Vous pouvez voir des impacts de balles sur ce bâtiment. Cela est le fait de l’entraînement des forces spéciales de l’armée et de la police.

Ils s’imaginent que ces bâtiments ne sont que des vestiges du mal, du passé barbare, donc c’est bien de les ruiner. Pour cela, ils utilisent des armes et des munitions fabriquées il y 40 ou 50 ans.

Quelques douilles d’AK-47. Ces douilles ont des années et ne sont pas récentes.

Une question : est-ce qu’une civilisation barbare peut fabriquer des voitures, des camions de pompier, des compteurs Geiger et autres choses que nous utilisons depuis un demi-siècle ? Les soviétiques construisent un sarcophage sur un réacteur incandescent en plusieurs mois et il nous a fallu 30 ans pour recouvrir ce vieux sarcophage d’une arche métallique. Alors c’est peut-être nous les barbares qui détruisons maintenant les restes d’une civilisation supérieure ?

L’image de nos verres en plastique me fait penser à une histoire :

Deux filles prennent le café dans une Zone Morte. Elles sont à la fois soucieuses de l’environnement et des femmes scientifiques. Après avoir bu leurs cafés, elles veulent se débarrasser de leurs verres en plastique, mais il n’y a pas de poubelle aux alentours.

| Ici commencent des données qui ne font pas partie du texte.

lemma det_tridiag_SS:
  "det (tridiag (Suc (Suc n)) a b c) = b * det (tridiag (Suc n) a b c) - c^2 * det (tridiag n a b c)"
proof -
  let ?A = "tridiag (Suc (Suc n)) a b c"
  define B where "B = mat_delete ?A 0 1"
  have minor00: "mat_delete ?A 0 0 = tridiag (Suc n) a b c"
    by (rule eq_matI) (auto simp: tridiag_def mat_delete_def)
  have B_carrier: "B \<in> carrier_mat (Suc n) (Suc n)"
    unfolding B_def mat_delete_def by (auto simp: tridiag_def)
  have minor_B: "mat_delete B 0 0 = tridiag n a b c"
    by (rule eq_matI) (auto simp: tridiag_def mat_delete_def B_def)
  have "det B = (\<Sum>i<Suc n. B $$ (i,0) * cofactor B i 0)"
    by (rule laplace_expansion_column[OF B_carrier]) auto
  also have "\<dots> = B $$ (0,0) * cofactor B 0 0 + (\<Sum>i<n. B $$ (Suc i,0) * cofactor B (Suc i) 0)"
    by (rule sum.lessThan_Suc_shift)
  also have "(\<Sum>i<n. B $$ (Suc i,0) * cofactor B (Suc i) 0) = 0"
    by (rule sum.neutral) (auto simp: B_def mat_delete_def tridiag_def)
  also have "B $$ (0,0) = c" by (simp add: B_def mat_delete_def tridiag_def)
  finally have det_B: "det B = c * det (tridiag n a b c)"
    by (simp add: cofactor_def minor_B)
  have "det ?A = (\<Sum>j<Suc (Suc n). ?A $$ (0,j) * cofactor ?A 0 j)"
    by (rule laplace_expansion_row) auto
  also have "\<dots> = ?A $$ (0,0) * cofactor ?A 0 0 + (?A $$ (0,1) * cofactor ?A 0 1
      + (\<Sum>j<n. ?A $$ (0,Suc (Suc j)) * cofactor ?A 0 (Suc (Suc j))))"
    unfolding sum.lessThan_Suc_shift[of _ "Suc n"] sum.lessThan_Suc_shift[of _ n]
    by (simp add: add.assoc)
  also have "(\<Sum>j<n. ?A $$ (0,Suc (Suc j)) * cofactor ?A 0 (Suc (Suc j))) = 0"
    by (rule sum.neutral) (auto simp: tridiag_def)
  also have "?A $$ (0,0) = b" by (simp add: tridiag_def)
  also have "?A $$ (0,1) = c" by (simp add: tridiag_def)
  finally show ?thesis using det_B unfolding B_def
    by (simp add: cofactor_def minor00 power2_eq_square)
qed

definition diff_mat :: "nat \<Rightarrow> 'a::comm_ring_1 mat" where
  "diff_mat n = mat n n (\<lambda>(i,j). if i = j then 1 else if i = Suc j then -1 else 0)"

lemma diff_mat_carrier [simp]: "diff_mat n \<in> carrier_mat n n"
  unfolding diff_mat_def by auto

lemma C_mat_carrier [simp]: "C_mat n \<in> carrier_mat n n"
  unfolding C_mat_def by auto

lemma diff_mat_dims [simp]: "dim_row (diff_mat n) = n" "dim_col (diff_mat n) = n"
  unfolding diff_mat_def by auto

lemma C_mat_dims [simp]: "dim_row (C_mat n) = n" "dim_col (C_mat n) = n"
  unfolding C_mat_def by auto

lemma diff_mat_entry:
  "i < n \<Longrightarrow> j < n \<Longrightarrow>
     diff_mat n $$ (i,j) = (if i = j then 1 else 0) - (if i = Suc j then 1 else 0)"
  unfolding diff_mat_def by auto

lemma C_mat_diff_mat: "C_mat n * diff_mat n = 1\<^sub>m n"
proof (rule eq_matI)
  fix i j assume "i < dim_row (1\<^sub>m n :: int poly mat)" "j < dim_col (1\<^sub>m n :: int poly mat)"
  hence i: "i < n" and j: "j < n" by auto
  have "(C_mat n * diff_mat n) $$ (i,j) = (\<Sum>k<n. C_mat n $$ (i,k) * diff_mat n $$ (k,j))"
    using i j by (simp add: scalar_prod_def lessThan_atLeast0)
  also have "\<dots> = (\<Sum>k<n. C_mat n $$ (i,k) *
      ((if k = j then 1 else 0) - (if k = Suc j then 1 else 0)))"
    by (rule sum.cong) (auto simp: diff_mat_entry j)
  also have "\<dots> = (\<Sum>k<n. (if k = j then C_mat n $$ (i,j) else 0))
      - (\<Sum>k<n. (if k = Suc j then C_mat n $$ (i,Suc j) else 0))"
    by (subst sum_subtractf[symmetric], rule sum.cong) auto
  also have "\<dots> = 1\<^sub>m n $$ (i,j)"
    using i j by (auto simp: C_mat_def)
  finally show "(C_mat n * diff_mat n) $$ (i,j) = 1\<^sub>m n $$ (i,j)" .
qed auto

Alors, l’une demande à l’autre : "J’espère que jeter par terre nos verres en plastique ne nuira pas à l’équilibre écologique de la région ?". L’autre femme réfléchit un moment et lui répond : "Il faut de 30 à 300 ans pour que ce plastique se dégrade, alors que la demi-vie des isotopes nucléaires est ici de milliers d’années, nous pouvons donc les laisser ici, quand des gens reviendront et vivront de nouveau dans cet endroit maudit, ces gobelets auront disparus depuis longtemps. Il ne leur faut que 300 ans pour cela !".